From the glitz of Las Vegas to the hustle and bustle of Tokyo’s Shinjuku district, neon signs have become an iconic element of many cities. One very important question though. When were the first neon signs introduced and how has the technology evolved since then?
This Neon Museum blog delves into a brief history of neon signs from the first examples to some of the most modern applications. Read on to learn more about the exciting evolution of some of the most mesmerizing lights.
The First Neon Signs
French engineer Georges Claude is widely accepted to be the inventor of neon lighting. Inspired by Heinrich Geissler’s ‘Geissler tubes’, Georges Claude realized that passing electrical current through rarefied gas in a tube would create a neon glowing discharge which could have a striking visual effect. After this discovery, he first unveiled his invention at the Paris Motor Show in 1910. Claude would later patent his invention and start selling neon signs through his company Claude Neon Lights.
Following his patent, the first use of a neon sign is believed to have been by a Parisian hairdresser in 1912. The words ‘Palais Coiffeur’ were illuminated in neon above the shopfront and became a prominent feature along Boulevarde Montemartre, inspiring other business owners across Paris to order their own signs.
The Popularization Of Neon
The usage of neon lighting was mostly confined to Paris until the 1920s, after which it started to be used throughout the rest of France and the world, and neon signs wouldn’t be introduced to the US until the 1920s. Earle C Anthony is believed to be the first US business owner to use neon signage - in 1923, he ordered two signs reading ‘Packard’ to be used by two car dealerships in Los Angeles.Neon sign usage quickly caught on after this throughout the rest of the country.
In 1924, the first neon sign was installed in New York’s Times Square advertising automaker Willys-Overland. A Chinese restaurant called Orange Garden is meanwhile reported to have introduced the first neon sign to Chicago in 1926.
As for a history of neon in Las Vegas, the first signs are believed to have appeared between 1928 and 1930. Ethel Guenter, owner of the Overland Hotel, is believed to have installed the first neon sign in Las Vegas. This was followed by famous examples such as the Oasis Cafe sign in 1929 and the Las Vegas Club sign in 1930.
The Neon Sign Peak
By the mid-1930s, neon signs could be found across almost every major city in the world and had become a popular form of advertising. This popularity continued long into the 1950s.
During this time, neon lighting technology saw some big improvements, which helped to increase its popularity. The use of argon instead of neon and experimentation with different fluorescent tube coatings helped to enable a greater range of neon sign color options. As a result neon signs became more multicolored and detailed.
Some of the most iconic neon vintage signs in Las Vegas were installed throughout this period including the ‘El Cortez’ sign in 1941, the ‘Flamingo’ hotel sign in 1953, the ‘Welcome to Fabulous Las Vegas’ sign in 1959. The Neon Museum dedicates itself to the preservation and restoration of these vintage signs, which play a big part in the character of Las Vegas.
The Decline Of Neon Signage
Neon sign usage was in decline by the 1960s. At this point neon signs were no longer a novelty, and cheaper forms of illuminated signage were becoming more popular. Many neon signs up until this point were also made from glass containing lead. Health concerns over the use of lead in construction in the 1960s contributed to the decline of neon signage in favor of safer options.

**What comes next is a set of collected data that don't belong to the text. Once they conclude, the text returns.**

(*
  Pair k = min |I1| |I2| elements u_i of I1 with distinct elements v_i of I2.  A set S in the
  slice splits the pair i if it contains exactly one of u_i, v_i.  Re-splitting the q pairs split
  by S in all 2^q ways gives the cube of S; the cubes partition the slice.  Along a cube,
  sum a S = c + (sum over i in T of a v_i - a u_i), where every step has size at least r, so by
  Erdos' Sperner-based Littlewood-Offord bound a cube puts mass at most
  3 (q choose q div 2) / 2^q <= 3 / sqrt (q + 1) into any interval of length 2r.  Over the slice,
  the number of pairs with u_i in S and v_i outside S has mean mu >= sigma lam^2 n and
  variance O(n), so by Chebyshev q >= mu / 2 except on a set of probability O(1/n).
*)

theory Submission
  imports Defs
begin

section \<open>Sperner's theorem and the Littlewood--Offord bound\<close>

definition antichain :: "'a set set \<Rightarrow> bool" where
  "antichain F \<longleftrightarrow> (\<forall>A\<in>F. \<forall>B\<in>F. A \<subseteq> B \<longrightarrow> A = B)"

lemma card_div_choose_eq_sum:
  assumes "finite Q" "A \<subset> Q"
  shows "real (card Q) / real (card Q choose card A)
    = (\<Sum>x\<in>Q - A. 1 / real (card (Q - {x}) choose card A))"
proof -
  have lt: "card A < card Q" using assms by (simp add: psubset_card_mono)
  have "real (card Q - card A) * real (card Q choose card A)
      = real (card Q) * real ((card Q - 1) choose card A)"
    using binomial_absorb_comp[of "card Q" "card A"] by (metis of_nat_mult)
  moreover have "card (Q - A) = card Q - card A"
    using assms by (meson card_Diff_subset finite_subset psubset_imp_subset)
  moreover have "card (Q - {x}) = card Q - 1" if "x \<in> Q - A" for x
    using that assms by simp
  ultimately show ?thesis
    using lt by (simp add: field_simps)
qed
section \<open>Lower bound: greedy deletion\<close>

text \<open>Deleting vertices of induced degree above k from S leaves a k-independent set T; each
  deletion removes at least k+1 edges of G[S], so at most |E(G[S])|/(k+1) vertices go.\<close>
lemma greedy_deletion:
  assumes "finite S"
  shows "\<exists>T. k_independent S E k T \<and> (k+1) * (card S - card T) \<le> card {e\<in>E. e \<subseteq> S}"
  using assms
proof (induction S rule: finite_psubset_induct)
  case (psubset S)
  show ?case
  proof (cases "\<forall>v\<in>S. card {w\<in>S. {v,w}\<in>E} \<le> k")
    case True
    then show ?thesis by (intro exI[of _ S]) (simp add: k_independent_def)
  next
    case False
    then obtain v where v: "v \<in> S" "k < card {w\<in>S. {v,w}\<in>E}" by (auto simp: not_le)
    define N where "N = {w\<in>S. {v,w}\<in>E}"
    from v(1) have "S - {v} \<subset> S" by auto
    from psubset.IH[OF this] obtain T where T: "k_independent (S - {v}) E k T"
      "(k+1) * (card (S - {v}) - card T) \<le> card {e\<in>E. e \<subseteq> S - {v}}" by blast
    have "card T \<le> card (S - {v})"
      using T(1) psubset.hyps by (intro card_mono) (auto simp: k_independent_def)
    moreover have "card S = card (S - {v}) + 1"
      using v(1) psubset.hyps by (metis Suc_eq_plus1 card_Suc_Diff1)
    moreover have "k + 1 \<le> card N" using v(2) by (simp add: N_def)
    moreover have "card {e\<in>E. e \<subseteq> S - {v}} + card N \<le> card {e\<in>E. e \<subseteq> S}"
    proof -
      \<comment> \<open>the edges from v to N lie in S but not in S - {v}\<close>
      have fin: "finite {e\<in>E. e \<subseteq> S}"
        using psubset.hyps by (rule finite_subset[rotated, OF finite_Pow_iff[THEN iffD2]]) auto
      have sub: "{e\<in>E. e \<subseteq> S - {v}} \<union> (\<lambda>w. {v,w}) ` N \<subseteq> {e\<in>E. e \<subseteq> S}"
        using v(1) by (auto simp: N_def)
      have inj: "inj_on (\<lambda>w. {v,w}) N" by (auto simp: inj_on_def doubleton_eq_iff)
      have "card {e\<in>E. e \<subseteq> S - {v}} + card N
          = card ({e\<in>E. e \<subseteq> S - {v}} \<union> (\<lambda>w. {v,w}) ` N)"
        using inj fin sub
        by (subst card_Un_disjoint) (auto intro: finite_subset simp: card_image)
      also have "\<dots> \<le> card {e\<in>E. e \<subseteq> S}" using card_mono[OF fin sub] .
      finally show ?thesis .
    qed
    ultimately have "(k+1) * (card S - card T) \<le> card {e\<in>E. e \<subseteq> S}"
      using T(2) by (simp add: algebra_simps)
    then show ?thesis using k_independent_mono[OF T(1)] by blast
  qed
qed

lemma alpha_k_deficit:
  assumes "simple_graph V E"
  shows "(k+1) * (card V - alpha_k V E k) \<le> card E"
proof -
  have fV: "finite V" using assms by (simp add: simple_graph_def)
  obtain T where T: "k_independent V E k T" "(k+1) * (card V - card T) \<le> card {e\<in>E. e \<subseteq> V}"
    using greedy_deletion[OF fV] by blast
  have "card T \<le> alpha_k V E k" using card_le_alpha_k[OF fV T(1)] .
  then have "(k+1) * (card V - alpha_k V E k) \<le> (k+1) * (card V - card T)"
    by (intro mult_le_mono2 diff_le_mono2)
  also have "{e\<in>E. e \<subseteq> V} = E" using assms by (auto simp: simple_graph_def)
  with T(2) have "(k+1) * (card V - card T) \<le> card E" by simp
  finally show ?thesis .
qed

lemma alpha_k_ratio_lower:
  assumes "simple_graph V E" "V \<noteq> {}" "avg_degree V E \<le> real d"
  shows "1 - real d / (2 * real (k+1)) \<le> real (alpha_k V E k) / real (card V)"
proof -
  have n: "0 < real (card V)" using assms(1,2) by (simp add: simple_graph_def card_gt_0_iff)
  have edges: "2 * real (card E) \<le> real d * real (card V)"
    using assms(3) n by (simp add: avg_degree_def divide_le_eq)
  have "real (k+1) * (real (card V) - real (alpha_k V E k)) \<le> real (card E)"
  proof -
    have "real (k+1) * (real (card V) - real (alpha_k V E k))
        \<le> real (k+1) * real (card V - alpha_k V E k)" by (intro mult_left_mono) linarith+
    also have "\<dots> \<le> real (card E)"
      using alpha_k_deficit[OF assms(1), of k] by (metis of_nat_le_iff of_nat_mult)
    finally show ?thesis .
  qed
  with edges have "2 * real (k+1) * (real (card V) - real (alpha_k V E k))
                   \<le> real d * real (card V)" by linarith
  then show ?thesis using n by (simp add: field_simps)
qed

lemma f_kd_ge:
  assumes "\<And>(V :: nat set) E. simple_graph V E \<Longrightarrow> V \<noteq> {} \<Longrightarrow> avg_degree V E \<le> real d
             \<Longrightarrow> c \<le> real (alpha_k V E k) / real (card V)"
  shows "c \<le> f_kd k d"
proof -
  have "simple_graph {0::nat} {} \<and> {0::nat} \<noteq> {} \<and> avg_degree {0::nat} {} \<le> real d"
    by (simp add: simple_graph_def avg_degree_def)
  then show ?thesis unfolding f_kd_def using assms by (intro cInf_greatest) blast+
qed

lemma f_kd_le:
  assumes "simple_graph (V :: nat set) E" "V \<noteq> {}" "avg_degree V E \<le> real d"
  shows "f_kd k d \<le> real (alpha_k V E k) / real (card V)"
  unfolding f_kd_def using assms by (intro cInf_lower bdd_belowI[of _ 0]) auto

section \<open>Upper bound: an extremal example\<close>

text \<open>If c is adjacent to all of L, a k-independent set containing c meets L in at most k
  vertices, so it meets the closed set {c} \<union> L in at most max (k+1) |S \<inter> L| vertices.\<close>
lemma k_independent_star_bound:
  assumes "k_independent V E k S" "finite V" "\<And>w. w \<in> L \<Longrightarrow> {c, w} \<in> E"
  shows "card (S \<inter> insert c L) \<le> max (k+1) (card (S \<inter> L))"
proof (cases "c \<in> S")
  case True
  have fS: "finite S" using k_independent_finite[OF assms(1,2)] .
  have "S \<inter> L \<subseteq> {w\<in>S. {c,w}\<in>E}" using assms(3) by auto
  then have "card (S \<inter> L) \<le> card {w\<in>S. {c,w}\<in>E}" using fS by (intro card_mono) auto
  also have "\<dots> \<le> k" using assms(1) True by (simp add: k_independent_def)
  finally have "card (S \<inter> L) \<le> k" .
  moreover have "card (S \<inter> insert c L) \<le> card (S \<inter> L) + 1"
    using True fS by (simp add: card_insert_if)
  ultimately show ?thesis by simp
next
  case False
  then show ?thesis by simp
qed

text \<open>The example graph on vertices 0 .. (k+1)(k+2): block i (i \<le> k) consists of the star
  centre i(k+2) and its k+1 leaves; the hub (k+1)(k+2) is adjacent to all of block k.\<close>
definition centre :: "nat \<Rightarrow> nat \<Rightarrow> nat" where
  "centre k i = i * (k+2)"

definition leaves :: "nat \<Rightarrow> nat \<Rightarrow> nat set" where
  "leaves k i = {i * (k+2) + 1 ..< i * (k+2) + (k+2)}"

definition block :: "nat \<Rightarrow> nat \<Rightarrow> nat set" where
  "block k i = insert (centre k i) (leaves k i)"

definition hub :: "nat \<Rightarrow> nat" where
  "hub k = (k+1) * (k+2)"

definition ex_V :: "nat \<Rightarrow> nat set" where
  "ex_V k = {..hub k}"

definition ex_E :: "nat \<Rightarrow> nat set set" where
  "ex_E k = (\<Union>i\<le>k. (\<lambda>w. {centre k i, w}) ` leaves k i) \<union> (\<lambda>w. {hub k, w}) ` block k k"

lemma card_leaves [simp]: "card (leaves k i) = k + 1"
  by (simp add: leaves_def)

lemma block_interval: "block k i = {i * (k+2) ..< i * (k+2) + (k+2)}"
  by (auto simp: block_def centre_def leaves_def)

lemma card_ex_V: "card (ex_V k) = (k+1) * (k+1) + (k+2)"
  by (simp add: ex_V_def hub_def algebra_simps)

lemma block_below_hub: "i \<le> k \<Longrightarrow> w \<in> block k i \<Longrightarrow> w < hub k"
proof -
  assume "i \<le> k" "w \<in> block k i"
  moreover have "i * (k+2) \<le> k * (k+2)" using \<open>i \<le> k\<close> by (rule mult_le_mono1)
  ultimately show "w < hub k" by (auto simp: block_interval hub_def algebra_simps)
qed

lemma ex_V_cover: "ex_V k = (\<Union>i\<le>k. block k i) \<union> {hub k}"
proof
  show "(\<Union>i\<le>k. block k i) \<union> {hub k} \<subseteq> ex_V k"
    using block_below_hub by (fastforce simp: ex_V_def)
  show "ex_V k \<subseteq> (\<Union>i\<le>k. block k i) \<union> {hub k}"
  proof
    fix v assume v: "v \<in> ex_V k"
    define q where "q = v div (k+2)"
    have v_eq: "v = q * (k+2) + v mod (k+2)" unfolding q_def by (rule div_mult_mod_eq[symmetric])
    have r: "v mod (k+2) < k+2" by simp
    show "v \<in> (\<Union>i\<le>k. block k i) \<union> {hub k}"
    proof (cases "q \<le> k")
      case True
      have "q * (k+2) \<le> v" "v < q * (k+2) + (k+2)" using v_eq r by linarith+
      then have "v \<in> block k q" by (simp add: block_interval)
      with True show ?thesis by blast
    next
      case False
      then have "(k+1) * (k+2) \<le> q * (k+2)" by (intro mult_le_mono1) simp
      then show ?thesis using v v_eq r by (simp add: ex_V_def hub_def)
    qed
  qed
qed

lemma simple_graph_ex: "simple_graph (ex_V k) (ex_E k)"
proof -
  have "e \<subseteq> ex_V k \<and> card e = 2" if "e \<in> ex_E k" for e
  proof -
    from that consider i w where "i \<le> k" "w \<in> leaves k i" "e = {centre k i, w}"
      | w where "w \<in> block k k" "e = {hub k, w}"
      by (auto simp: ex_E_def)
    then show ?thesis
    proof cases
      case 1
      then have "centre k i \<in> block k i" "w \<in> block k i" "centre k i < w"
        by (auto simp: block_def centre_def leaves_def)
      then show ?thesis using 1 ex_V_cover[of k] by auto
    next
      case 2
      then show ?thesis using block_below_hub[of k k w] ex_V_cover[of k] by auto
    qed
  qed
  then show ?thesis by (simp add: simple_graph_def ex_V_def)
qed

lemma card_ex_E: "card (ex_E k) \<le> card (ex_V k)"
proof -
  have "card (ex_E k) \<le> card (\<Union>i\<le>k. (\<lambda>w. {centre k i, w}) ` leaves k i)
                       + card ((\<lambda>w. {hub k, w}) ` block k k)"
    unfolding ex_E_def by (rule card_Un_le)
  also have "\<dots> \<le> (\<Sum>i\<le>k. card ((\<lambda>w. {centre k i, w}) ` leaves k i)) + card (block k k)"
    by (intro add_mono card_UN_le card_image_le) (auto simp: block_interval)
  also have "\<dots> \<le> (\<Sum>i\<le>k. card (leaves k i)) + card (block k k)"
    by (intro add_mono sum_mono card_image_le) (auto simp: leaves_def)
  also have "\<dots> = card (ex_V k)" by (simp add: block_interval card_ex_V)
  finally show ?thesis .
qed

lemma avg_degree_ex: "avg_degree (ex_V k) (ex_E k) \<le> 2"
proof -
  have "0 < card (ex_V k)" by (simp add: card_ex_V)
  then show ?thesis using card_ex_E[of k] by (simp add: avg_degree_def divide_le_eq)
qed

text \<open>A k-independent set meets every block in at most k+1 vertices (the centre sees all
  k+1 leaves), and likewise the last block together with the hub (the hub sees the block).\<close>
lemma ex_block_bound:
  assumes "k_independent (ex_V k) (ex_E k) k S" "i \<le> k"
  shows "card (S \<inter> block k i) \<le> k + 1"
proof -
  have "{centre k i, w} \<in> ex_E k" if "w \<in> leaves k i" for w
    using that assms(2) by (auto simp: ex_E_def)
  then have "card (S \<inter> block k i) \<le> max (k+1) (card (S \<inter> leaves k i))"
    unfolding block_def by (intro k_independent_star_bound[OF assms(1)]) (simp_all add: ex_V_def)
  moreover have "card (S \<inter> leaves k i) \<le> k + 1"
    using card_mono[of "leaves k i" "S \<inter> leaves k i"] by (simp add: leaves_def)
  ultimately show ?thesis by simp
qed

lemma ex_hub_bound:
  assumes "k_independent (ex_V k) (ex_E k) k S"
  shows "card (S \<inter> insert (hub k) (block k k)) \<le> k + 1"
proof -
  have "{hub k, w} \<in> ex_E k" if "w \<in> block k k" for w
    using that by (auto simp: ex_E_def)
  then have "card (S \<inter> insert (hub k) (block k k)) \<le> max (k+1) (card (S \<inter> block k k))"
    by (intro k_independent_star_bound[OF assms]) (simp add: ex_V_def)
  then show ?thesis using ex_block_bound[OF assms order_refl] by simp
qed

lemma alpha_k_ex: "alpha_k (ex_V k) (ex_E k) k \<le> (k+1) * (k+1)"
proof (rule alpha_k_le)
  show "finite (ex_V k)" by (simp add: ex_V_def)
  fix S assume S: "k_independent (ex_V k) (ex_E k) k S"
  let ?H = "insert (hub k) (block k k)"
  have "{..k} = insert k {..<k}" by auto
  then have "ex_V k = (\<Union>i<k. block k i) \<union> ?H" using ex_V_cover[of k] by auto
  then have "S \<subseteq> (\<Union>i<k. S \<inter> block k i) \<union> (S \<inter> ?H)"
    using S by (auto simp: k_independent_def)
  then have "card S \<le> card ((\<Union>i<k. S \<inter> block k i) \<union> (S \<inter> ?H))"
    by (intro card_mono) (auto simp: block_interval)
  also have "\<dots> \<le> (\<Sum>i<k. card (S \<inter> block k i)) + card (S \<inter> ?H)"
    by (intro order.trans[OF card_Un_le] add_mono card_UN_le) auto
  also have "\<dots> \<le> k * (k+1) + (k+1)"
    using sum_bounded_above[of "{..<k}" "\<lambda>i. card (S \<inter> block k i)" "k+1"]
          ex_block_bound[OF S] ex_hub_bound[OF S] by (intro add_mono) auto
  finally show "card S \<le> (k+1) * (k+1)" by (simp add: algebra_simps)
qed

The transition from neon to LED lighting not only revolutionized commercial lighting but also paved the way for environmentally sustainable and cost-effective illuminated signs, ensuring a bright and vibrant future for the world of signage.
The Neon Revival
During the 1980s, neon experienced a brief revival. TV series like Miami Vice helped to encourage this love for neon with many nightclubs, hotels and bars adopting neon once again as a symbol of luxury.
Neon fell out of favor again in the 1990s, however recently has been seeing a comeback. The biggest difference between vintage neon signs and modern neon signs is that most modern neon signs do not actually use neon - instead they simply use colored LEDs that help to simulate the colors produced by traditional neon and argon lighted signs. While still used in advertising, modern neon-style signs are more often used in an artistic manner. Many are used to create eye-catching images rather than text and are used within the interior of buildings as commonly as the exterior to help set a mood.
Here at The Neon Museum we marvel at the remarkable evolution of neon signs, which have transcended time to become cherished icons of our urban landscapes. From their vintage beginnings to the modern era where innovation has brought forth a new era of creativity, neon signs have left an indelible mark on our culture.
As we embrace the future, we eagerly anticipate the next chapter in the ever-evolving story of neon signs, where technology, artistry, and the spirit of innovation will continue to shape these luminous wonders.